Enter William Wilkinson, who transported marijuana for Harmon from Arizona to New Castle five times between March and August 2009. On August 20, 2009, Wilkinson was arrested in Arizona with approximately 200 pounds of marijuana in his vehicle. He called Harmon to alert him about the arrest, but later agreed to cooperate with law enforcement. Thereafter, Meadows resumed working as a courier for Harmon, making the trips in the same way as before. Meadows made his last trip on January 11, 2011, when he was stopped by law enforcement. He was transporting approximately 103 pounds of marijuana on that final trip.

At the end of the trial, the jury found Harmon guilty of all counts except for the attempted murder and witness intimidation counts. Before sentencing, a pre-sentence report (PSR) was prepared. The PSR concluded that Harmon had engaged in marijuana trafficking from at least December 2001 until January 2011 and held him accountable for 113.4 kilograms of marijuana per month for a total of 10,206 kilograms. (The calculation allowed for two months per year for growing-season lapses.) Harmon did not dispute that the record supported a determination that he was responsible for 113.4 kilograms per month for ten months each year,, but he objected to the PSR’s commencement of the computation of the trafficking period in December 2001. He contended that the start date should have been August 2002, when Raines joined, resulting in 9,639 kilograms of marijuana attributable to him.
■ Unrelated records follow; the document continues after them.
(* Let $X$ be a real Banach space. The following statements are equivalent. (1) $X$ is rotund. (2) $r(Q_{B_X}(x_1),Q_{B_X}(x_2))=\|x_1-x_2\|$ for every $x_1,x_2\in S_X$. (3) $r(Q_{S_X}(x_1),Q_{S_X}(x_2))=\|x_1-x_2\|$ for every $x_1,x_2\in S_X$. (4) $r(Q_{S_X}(x_1),Q_{S_X}(x_2))=\|x_1-x_2\|$ for every $x_1,x_2\in S_X$ with $x_1\neq x_2$.
   Context: $B_X$ and $S_X$ denote the closed unit ball and unit sphere of $X$. For a non-empty bounded $F\subseteq X$ and $x\in X$, $r(F,x)=\sup\{\|x-y\|:y\in F\}$ and $Q_F(x)=\{y\in F:\|x-y\|=r(F,x)\}$. For non-empty bounded sets $A,B$, the generalized diameter is $r(A,B)=\sup\{\|a-b\|:a\in A,b\in B\}$. $X$ is rotund if $\|\frac{x_1+x_2}{2}\|<1$ whenever $x_1,x_2\in S_X$, $x_1\neq x_2$. *)

theory Defs
  imports "HOL-Analysis.Analysis"
begin

definition farthest_radius :: "'a::real_normed_vector set \<Rightarrow> 'a \<Rightarrow> real" where
  "farthest_radius F x = Sup {norm (x - y) | y. y \<in> F}"

definition farthest_points :: "'a::real_normed_vector set \<Rightarrow> 'a \<Rightarrow> 'a set" where
  "farthest_points F x = {y \<in> F. norm (x - y) = farthest_radius F x}"

definition gen_diam :: "'a::real_normed_vector set \<Rightarrow> 'a set \<Rightarrow> real" where
  "gen_diam A B = Sup {norm (a - b) | a b. a \<in> A \<and> b \<in> B}"

definition rotund :: "'a::real_normed_vector itself \<Rightarrow> bool" where
  "rotund (TYPE('a)) \<longleftrightarrow>
     (\<forall>x1 x2 :: 'a. x1 \<in> sphere 0 1 \<longrightarrow> x2 \<in> sphere 0 1 \<longrightarrow> x1 \<noteq> x2
        \<longrightarrow> norm ((1/2) *\<^sub>R (x1 + x2)) < 1)"

end

theory Submission
  imports Defs
begin

text \<open>
  For x on the unit sphere, the farthest points of the unit ball, and of the unit sphere, from x
  are exactly the points y of the sphere with \<open>\<parallel>x - y\<parallel> = 2\<close>, and \<open>-x\<close> is always one of them.
  In a rotund space \<open>-x\<close> is the only one, so both generalized diameters reduce to
  \<open>\<parallel>(-x\<^sub>1) - (-x\<^sub>2)\<parallel>\<close>. Conversely, if rotundity fails at \<open>x\<^sub>1 \<noteq> x\<^sub>2\<close>, i.e.
  \<open>\<parallel>x\<^sub>1 + x\<^sub>2\<parallel> = 2\<close>, then the triangle inequality forces \<open>\<parallel>a x\<^sub>1 + b x\<^sub>2\<parallel> = a + b\<close> for
  \<open>a, b \<ge> 0\<close>. Hence with z the midpoint, \<open>-x\<^sub>2\<close> is antipodal to \<open>x\<^sub>1\<close> and \<open>-x\<^sub>1\<close> to z,
  so the generalized diameter for the pair \<open>x\<^sub>1, z\<close> is at least \<open>\<parallel>x\<^sub>1 - x\<^sub>2\<parallel> = 2\<parallel>x\<^sub>1 - z\<close>.
\<close>

definition antipodes :: "'a::real_normed_vector \<Rightarrow> 'a set" where
  "antipodes x = {y. norm y = 1 \<and> norm (x - y) = 2}"

lemma farthest_radius_eq_2:
  fixes x :: "'a::real_normed_vector"
  assumes "norm x = 1" "-x \<in> F" "F \<subseteq> cball 0 1"
  shows "farthest_radius F x = 2"
  unfolding farthest_radius_def
proof (rule cSup_eq_maximum)
  show "2 \<in> {norm (x - y) |y. y \<in> F}"
    using assms by (auto intro!: exI[of _ "-x"] simp flip: scaleR_2)
  fix z
  assume "z \<in> {norm (x - y) |y. y \<in> F}"
  then obtain y where "z = norm (x - y)" "y \<in> F"
    by blast
  then show "z \<le> 2"
    using assms norm_triangle_ineq4[of x y] by auto
qed

lemma farthest_points_cball_eq_antipodes:
  fixes x :: "'a::real_normed_vector"
  assumes "norm x = 1"
  shows "farthest_points (cball 0 1) x = antipodes x"
proof -
  have "farthest_radius (cball 0 1) x = 2"
    by (rule farthest_radius_eq_2) (use assms in auto)
  moreover have "norm y = 1" if "norm y \<le> 1" "norm (x - y) = 2" for y
    using norm_triangle_ineq4[of x y] assms that by simp
  ultimately show ?thesis
    unfolding farthest_points_def antipodes_def by auto
qed

lemma farthest_points_sphere_eq_antipodes:
  fixes x :: "'a::real_normed_vector"
  assumes "norm x = 1"
  shows "farthest_points (sphere 0 1) x = antipodes x"
proof -
  have "farthest_radius (sphere 0 1) x = 2"
    by (rule farthest_radius_eq_2) (use assms in auto)
  then show ?thesis
    unfolding farthest_points_def antipodes_def by auto
qed

lemma rotund_iff_norm_add_lt_2:
  "rotund TYPE('a::real_normed_vector) \<longleftrightarrow>
     (\<forall>x y :: 'a. norm x = 1 \<longrightarrow> norm y = 1 \<longrightarrow> x \<noteq> y \<longrightarrow> norm (x + y) < 2)"
  unfolding rotund_def by simp

lemma antipodes_rotund:
  fixes x :: "'a::real_normed_vector"
  assumes "rotund TYPE('a)" "norm x = 1"
  shows "antipodes x = {-x}"
proof -
  have "y = -x" if "norm y = 1" "norm (x - y) = 2" for y
    using assms that rotund_iff_norm_add_lt_2[where 'a='a]
    by (metis diff_minus_eq_add minus_minus norm_minus_cancel order.irrefl)
  then show ?thesis
    using assms(2) by (auto simp: antipodes_def simp flip: scaleR_2)
qed

lemma gen_diam_singletons: "gen_diam {a} {b} = norm (a - b)"
  unfolding gen_diam_def by simp

lemma gen_diam_ge:
  fixes A B :: "'a::real_normed_vector set"
  assumes "bounded A" "bounded B" "a \<in> A" "b \<in> B"
  shows "norm (a - b) \<le> gen_diam A B"
  unfolding gen_diam_def
proof (rule cSup_upper)
  show "norm (a - b) \<in> {norm (a - b) |a b. a \<in> A \<and> b \<in> B}"
    using assms by blast
  obtain r s where "\<forall>x\<in>A. norm x \<le> r" "\<forall>x\<in>B. norm x \<le> s"
    using assms(1,2) by (auto simp: bounded_iff)
  then show "bdd_above {norm (a - b) |a b. a \<in> A \<and> b \<in> B}"
    by (intro bdd_aboveI[of _ "r + s"])
       (force intro: order.trans[OF norm_triangle_ineq4] add_mono)
qed

lemma bounded_antipodes: "bounded (antipodes x)"
  unfolding antipodes_def bounded_iff by auto

lemma norm_nonneg_combination_eq:
  fixes x y :: "'a::real_normed_vector"
  assumes "norm x \<le> 1" "norm y \<le> 1" "norm (x + y) = 2" "a \<ge> 0" "b \<ge> 0"
  shows "norm (a *\<^sub>R x + b *\<^sub>R y) = a + b"
proof -
  have ge: "norm (a *\<^sub>R x + b *\<^sub>R y) \<ge> a + b"
    if "norm x \<le> 1" "norm y \<le> 1" "norm (x + y) = 2" "0 \<le> b" "b \<le> a"
    for a b :: real and x y :: 'a
  proof -
    have "2 * a = norm (a *\<^sub>R (x + y))"
      using that by simp
    also have "a *\<^sub>R (x + y) = (a *\<^sub>R x + b *\<^sub>R y) + (a - b) *\<^sub>R y"
      by (simp add: algebra_simps)
    also have "norm \<dots> \<le> norm (a *\<^sub>R x + b *\<^sub>R y) + (a - b)"
      using that norm_triangle_ineq[of "a *\<^sub>R x + b *\<^sub>R y" "(a - b) *\<^sub>R y"]
        mult_left_le[of "norm y" "a - b"] by simp
    finally show ?thesis by simp
  qed
  have "norm (a *\<^sub>R x + b *\<^sub>R y) \<le> a + b"
    using assms norm_triangle_ineq[of "a *\<^sub>R x" "b *\<^sub>R y"]
      mult_left_le[of "norm x" a] mult_left_le[of "norm y" b] by simp
  moreover have "norm (a *\<^sub>R x + b *\<^sub>R y) \<ge> a + b"
  proof (cases "b \<le> a")
    case True
    then show ?thesis using ge assms by blast
  next
    case False
    then show ?thesis
      using ge[of y x a b] assms by (simp add: add.commute)
  qed
  ultimately show ?thesis by linarith
qed

lemma gen_diam_antipodes_gt_if_not_rotund:
  assumes "\<not> rotund TYPE('a::real_normed_vector)"
  obtains y z :: "'a::real_normed_vector" where "norm y = 1" "norm z = 1" "y \<noteq> z"
    "norm (y - z) < gen_diam (antipodes y) (antipodes z)"
proof -
  obtain x1 x2 :: 'a
    where x: "norm x1 = 1" "norm x2 = 1" "x1 \<noteq> x2" "\<not> norm (x1 + x2) < 2"
    using assms unfolding rotund_iff_norm_add_lt_2 by blast
  with norm_triangle_ineq[of x1 x2] have sum: "norm (x1 + x2) = 2"
    by simp
  define z where "z = (1/2) *\<^sub>R x1 + (1/2) *\<^sub>R x2"
  have z: "norm z = 1"
    using norm_nonneg_combination_eq[of x1 x2 "1/2" "1/2"] x sum by (simp add: z_def)
  have "norm (z + x1) = norm ((3/2) *\<^sub>R x1 + (1/2) *\<^sub>R x2)"
    using scaleR_add_left[of 1 "1/2" x1] by (simp add: z_def algebra_simps)
  also have "\<dots> = 2"
    using norm_nonneg_combination_eq[of x1 x2 "3/2" "1/2"] x sum by simp
  finally have "-x1 \<in> antipodes z"
    using x by (simp add: antipodes_def)
  moreover have "-x2 \<in> antipodes x1"
    using x sum by (simp add: antipodes_def)
  ultimately have "norm (-x2 - -x1) \<le> gen_diam (antipodes x1) (antipodes z)"
    by (intro gen_diam_ge bounded_antipodes)
  moreover have "x1 - z = (1/2) *\<^sub>R (x1 - x2)"
    using scaleR_add_left[of "1/2" "1/2" x1] by (simp add: z_def algebra_simps)
  then have "norm (x1 - z) < norm (x1 - x2)" "x1 \<noteq> z"
    using x by auto
  ultimately show ?thesis
    using that[OF x(1) z] by (simp add: norm_minus_commute)
qed

theorem theorem3p3:
  shows "(rotund TYPE('a::banach)
      \<longleftrightarrow> (\<forall>x1 x2 :: 'a. x1 \<in> sphere 0 1 \<longrightarrow> x2 \<in> sphere 0 1 \<longrightarrow>
            gen_diam (farthest_points (cball 0 1) x1) (farthest_points (cball 0 1) x2) = norm (x1 - x2)))
    \<and> (rotund TYPE('a)
      \<longleftrightarrow> (\<forall>x1 x2 :: 'a. x1 \<in> sphere 0 1 \<longrightarrow> x2 \<in> sphere 0 1 \<longrightarrow>
            gen_diam (farthest_points (sphere 0 1) x1) (farthest_points (sphere 0 1) x2) = norm (x1 - x2)))
    \<and> (rotund TYPE('a)
      \<longleftrightarrow> (\<forall>x1 x2 :: 'a. x1 \<in> sphere 0 1 \<longrightarrow> x2 \<in> sphere 0 1 \<longrightarrow> x1 \<noteq> x2 \<longrightarrow>
            gen_diam (farthest_points (sphere 0 1) x1) (farthest_points (sphere 0 1) x2) = norm (x1 - x2)))"
proof -
  have rotund_gen_diam: "gen_diam (antipodes x1) (antipodes x2) = norm (x1 - x2)"
    if "rotund TYPE('a)" "norm x1 = 1" "norm x2 = 1" for x1 x2 :: 'a
    using that by (simp add: antipodes_rotund gen_diam_singletons norm_minus_commute)
  have gen_diam_rotund: "rotund TYPE('a)"
    if "\<forall>x1 x2 :: 'a. norm x1 = 1 \<longrightarrow> norm x2 = 1 \<longrightarrow> x1 \<noteq> x2 \<longrightarrow>
          gen_diam (antipodes x1) (antipodes x2) = norm (x1 - x2)"
    using gen_diam_antipodes_gt_if_not_rotund[where 'a='a] that by (metis order.irrefl)
  show ?thesis
    using rotund_gen_diam gen_diam_rotund
    by (auto simp: farthest_points_cball_eq_antipodes farthest_points_sphere_eq_antipodes)
qed

end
*882 Harmon’s preferred starting date would have resulted in a sentencing guidelines base offense level of 34 rather than 36 as indicted in the PSR. An August 2002 start date would have had another favorable benefit for Harmon: an October 1991 marijuana conviction would not have counted in the calculation of his criminal-history score, so his criminal history category would have been I. However, the district court agreed with the government that the conspiracy did not begin when Raines became involved but had begun much earlier, and as a result, found that Harmon was responsible for more than 10,000 kilograms of marijuana. This increased his base offense level to 36 and made his October 1991 conviction relevant for his criminal history, placing him in criminal history category II. Combined with Harmon’s total offense level of 42, this yielded a guidelines range of 360 months to life. The court sentenced Harmon to 360 months’ imprisonment, at the bottom of the range. Harmon appeals.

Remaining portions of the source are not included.